Faroe Islands Premier League Football
- Season: 2001
- Champions: B36
- Relegated: FS Vágar
- Matches played: 90
- Goals scored: 330 (3.67 per match)
- Biggest home win: B36 15–0 FS Vágar
- Biggest away win: B71 0–7 GÍ
- Highest scoring: B36 15–0 FS Vágar

= 2001 1. deild =

In 2001, 1. deild was the top-tier league in Faroe Islands football (since 2005, the top tier has been the Faroe Islands Premier League, with 1. deild becoming the second tier).

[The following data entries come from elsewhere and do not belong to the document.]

(* For any Markov policy $\pi$ and every $h\in[H]$ (for claim 3, $h\ge1$): (1) $\bar d^\pi_h\le d^\pi_h$ pointwise. (2) If for all $h'<h$ we have $d^\pi_{h'}\le C^{\mathbf x}_{h'}d^D_{h'}$ and $\pi_{h'}\le C^{\mathbf a}_{h'}\pi^D_{h'}$ pointwise, then $\bar d^\pi_h=d^\pi_h$. (3) $\|\bar d^\pi_h-d^\pi_h\|_1\le\|\bar d^\pi_{h-1}-d^\pi_{h-1}\|_1+\|\bar d^\pi_{h-1}-\bar d^\pi_{h-1}\wedge C^{\mathbf x}_{h-1}d^D_{h-1}\|_1+\|\mathbf P^\pi_{h-1}d^\pi_{h-1}-\mathbf P^{\bar\pi}_{h-1}d^\pi_{h-1}\|_1$.
   Context: Setting: finite-horizon episodic MDP with measurable state space $\mathcal X$, finite action space $\mathcal A$, $[H]=\{0,\dots,H-1\}$, transition densities $P_h(\cdot\mid x,a)$, initial distribution $d_0$; $d^\pi_h$ is the density of $x_h$ under the Markov policy $\pi=(\pi_h)$. Offline data: for each $h$, $\mathcal D_h$ consists of i.i.d. tuples $(x_h,a_h,x_{h+1})$ (conditionally on earlier data) generated by an arbitrary (possibly history-dependent) roll-in policy to $x_h$, then $a_h\sim\pi^D_h(\cdot\mid x_h)$ for a Markov single-step policy $\pi^D_h$, then $x_{h+1}\sim P_h$; $d^D_h$ is the marginal density of $x_h$ in $\mathcal D_h$. Notation: $a\wedge b=\min(a,b)$ pointwise; for $d:\mathcal X\to\mathbb R$ and nonnegative $\pi_h(a\mid x)$, $(\mathbf P^\pi_hd)(x'):=\iint P_h(x'\mid x,a)\pi_h(a\mid x)d(x)\mathrm dx\,\mathrm da$. Recursively clipped occupancy: given thresholds $C^{\mathbf x}_h,C^{\mathbf a}_h>0$, the pseudo-policy $\bar\pi_h:=\pi_h\wedge C^{\mathbf a}_h\pi^D_h$, $\bar d^\pi_0:=d_0$, and $\bar d^\pi_h:=\mathbf P^{\bar\pi}_{h-1}(\bar d^\pi_{h-1}\wedge C^{\mathbf x}_{h-1}d^D_{h-1})$ for $h\ge1$. *)

theory Defs
  imports "HOL-Analysis.Analysis"
begin

text \<open>Densities are nonnegative extended reals (ennreal) with respect to a reference
  measure M on the state space; the (finite) action space A carries counting measure,
  so the integral over actions is a finite sum.
  Convention: P h x a x' is the transition density P_h(x' | x, a); pol h x a is pi_h(a | x).\<close>

definition Pop :: "'x measure \<Rightarrow> 'a set \<Rightarrow> (nat \<Rightarrow> 'x \<Rightarrow> 'a \<Rightarrow> 'x \<Rightarrow> ennreal)
    \<Rightarrow> nat \<Rightarrow> ('x \<Rightarrow> 'a \<Rightarrow> ennreal) \<Rightarrow> ('x \<Rightarrow> ennreal) \<Rightarrow> 'x \<Rightarrow> ennreal" where
  "Pop M A P h pol d x' = (\<integral>\<^sup>+ x. (\<Sum>a\<in>A. P h x a x' * pol x a * d x) \<partial>M)"

primrec occ :: "'x measure \<Rightarrow> 'a set \<Rightarrow> (nat \<Rightarrow> 'x \<Rightarrow> 'a \<Rightarrow> 'x \<Rightarrow> ennreal)
    \<Rightarrow> ('x \<Rightarrow> ennreal) \<Rightarrow> (nat \<Rightarrow> 'x \<Rightarrow> 'a \<Rightarrow> ennreal) \<Rightarrow> nat \<Rightarrow> 'x \<Rightarrow> ennreal" where
  "occ M A P d0 pol 0 = d0"
| "occ M A P d0 pol (Suc h) = Pop M A P h (pol h) (occ M A P d0 pol h)"

definition clip_pol :: "(nat \<Rightarrow> 'x \<Rightarrow> 'a \<Rightarrow> ennreal) \<Rightarrow> (nat \<Rightarrow> 'x \<Rightarrow> 'a \<Rightarrow> ennreal)
    \<Rightarrow> (nat \<Rightarrow> real) \<Rightarrow> nat \<Rightarrow> 'x \<Rightarrow> 'a \<Rightarrow> ennreal" where
  "clip_pol pol polD Ca h x a = min (pol h x a) (ennreal (Ca h) * polD h x a)"

primrec clip_occ :: "'x measure \<Rightarrow> 'a set \<Rightarrow> (nat \<Rightarrow> 'x \<Rightarrow> 'a \<Rightarrow> 'x \<Rightarrow> ennreal)
    \<Rightarrow> ('x \<Rightarrow> ennreal) \<Rightarrow> (nat \<Rightarrow> 'x \<Rightarrow> 'a \<Rightarrow> ennreal) \<Rightarrow> (nat \<Rightarrow> 'x \<Rightarrow> 'a \<Rightarrow> ennreal)
    \<Rightarrow> (nat \<Rightarrow> 'x \<Rightarrow> ennreal) \<Rightarrow> (nat \<Rightarrow> real) \<Rightarrow> (nat \<Rightarrow> real) \<Rightarrow> nat \<Rightarrow> 'x \<Rightarrow> ennreal" where
  "clip_occ M A P d0 pol polD dD Cx Ca 0 = d0"
| "clip_occ M A P d0 pol polD dD Cx Ca (Suc h) =
     Pop M A P h (clip_pol pol polD Ca h)
       (\<lambda>x. min (clip_occ M A P d0 pol polD dD Cx Ca h x) (ennreal (Cx h) * dD h x))"

text \<open>Absolute difference of extended nonnegative reals (equals |a - b| for finite values)
  and the L1 distance w.r.t. M.\<close>
definition eabsdiff :: "ennreal \<Rightarrow> ennreal \<Rightarrow> ennreal" where
  "eabsdiff a b = (a - b) + (b - a)"

definition L1dist :: "'x measure \<Rightarrow> ('x \<Rightarrow> ennreal) \<Rightarrow> ('x \<Rightarrow> ennreal) \<Rightarrow> ennreal" where
  "L1dist M f g = (\<integral>\<^sup>+ x. eabsdiff (f x) (g x) \<partial>M)"

end

theory Submission
  imports Defs
begin

(* Both occupancies are pushed forward by the same transition kernel, and clipping the state
   density or the policy only removes mass; this gives (1) by induction, and under the
   coverage hypotheses the clips are inactive, which gives (2).  For (3) pass through the
   intermediate density K = P^{bar pi}_{h-1} d^pi_{h-1}.  Its distance to d^pi_h is the last
   term.  Since bar pi is sub-stochastic, P^{bar pi} is an L1 contraction, so the distance from
   bar d^pi_h to K is at most that of min(bar d^pi_{h-1}, C^x d^D_{h-1}) to d^pi_{h-1}, and the
   triangle inequality through bar d^pi_{h-1} splits this into the first two terms. *)

lemma eabsdiff_commute: "eabsdiff a b = eabsdiff b a"
  by (simp add: eabsdiff_def add.commute)

lemma eabsdiff_top [simp]: "eabsdiff top b = top" "eabsdiff a top = top"
  by (simp_all add: eabsdiff_def)

lemma eabsdiff_ennreal:
  "0 \<le> r \<Longrightarrow> 0 \<le> s \<Longrightarrow> eabsdiff (ennreal r) (ennreal s) = ennreal \<bar>r - s\<bar>"
  by (cases "r \<le> s") (simp_all add: eabsdiff_def ennreal_minus ennreal_neg)

lemma eabsdiff_triangle: "eabsdiff a c \<le> eabsdiff a b + eabsdiff b c"
  by (cases a; cases b; cases c) (auto simp: eabsdiff_ennreal simp flip: ennreal_plus intro!: ennreal_leI)

lemma eabsdiff_le_add:
  assumes "a \<le> b + c" "b \<le> a + d" "a \<noteq> \<infinity>" "b \<noteq> \<infinity>"
  shows "eabsdiff a b \<le> c + d"
  unfolding eabsdiff_def using assms by (intro add_mono) (auto simp: ennreal_minus_le_iff)

lemma borel_measurable_eabsdiff [measurable]:
  assumes "f \<in> borel_measurable M" "g \<in> borel_measurable M"
  shows "(\<lambda>x. eabsdiff (f x) (g x)) \<in> borel_measurable M"
  unfolding eabsdiff_def using assms by measurable

lemma L1dist_commute: "L1dist M f g = L1dist M g f"
  unfolding L1dist_def by (simp add: eabsdiff_commute)

lemma L1dist_triangle:
  assumes "f \<in> borel_measurable M" "g \<in> borel_measurable M" "k \<in> borel_measurable M"
  shows "L1dist M f k \<le> L1dist M f g + L1dist M g k"
proof -
  have "L1dist M f k \<le> (\<integral>\<^sup>+ x. eabsdiff (f x) (g x) + eabsdiff (g x) (k x) \<partial>M)"
    unfolding L1dist_def by (intro nn_integral_mono eabsdiff_triangle)
  also have "\<dots> = L1dist M f g + L1dist M g k"
    unfolding L1dist_def by (intro nn_integral_add borel_measurable_eabsdiff assms)
  finally show ?thesis .
qed

lemma Pop_mono:
  assumes "\<And>x a. x \<in> space M \<Longrightarrow> a \<in> A \<Longrightarrow> q x a \<le> q' x a"
    and "\<And>x. x \<in> space M \<Longrightarrow> e x \<le> e' x"
  shows "Pop M A P h q e y \<le> Pop M A P h q' e' y"
  unfolding Pop_def using assms by (intro nn_integral_mono sum_mono mult_mono) auto

lemma Pop_cong:
  assumes "\<And>x a. x \<in> space M \<Longrightarrow> a \<in> A \<Longrightarrow> q x a = q' x a"
    and "\<And>x. x \<in> space M \<Longrightarrow> e x = e' x"
  shows "Pop M A P h q e y = Pop M A P h q' e' y"
  unfolding Pop_def using assms by (intro nn_integral_cong sum.cong) auto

Statistics of 1. deild in the 2001 season.

==Overview==
It was contested by 10 teams, and B36 Tórshavn won the championship.

==League standings==

| Pos | Team | Pld | W | D | L | GF | GA | GD | Pts |
|---|---|---|---|---|---|---|---|---|---|
| 1 | B36 Tórshavn | 18 | 15 | 1 | 2 | 55 | 15 | +40 | 46 |
| 2 | GÍ Gøta | 18 | 13 | 3 | 2 | 53 | 20 | +33 | 42 |
| 3 | B68 Toftir | 18 | 9 | 4 | 5 | 39 | 25 | +14 | 31 |
| 4 | VB Vágur | 18 | 9 | 3 | 6 | 43 | 24 | +19 | 30 |
| 5 | NSÍ Runavík | 18 | 8 | 4 | 6 | 23 | 21 | +2 | 28 |
| 6 | KÍ Klaksvík | 18 | 8 | 1 | 9 | 27 | 38 | −11 | 25 |
| 7 | Havnar Bóltfelag | 18 | 7 | 2 | 9 | 34 | 25 | +9 | 23 |
| 8 | EB/Streymur | 18 | 5 | 1 | 12 | 20 | 34 | −14 | 16 |
| 9 | B71 Sandur | 18 | 3 | 1 | 14 | 17 | 52 | −35 | 10 |
| 10 | FS Vágar | 18 | 3 | 0 | 15 | 19 | 76 | −57 | 9 |

==Results==
The schedule consisted of a total of 18 games. Each team played two games against every opponent in no particular order. One of the games was at home and one was away.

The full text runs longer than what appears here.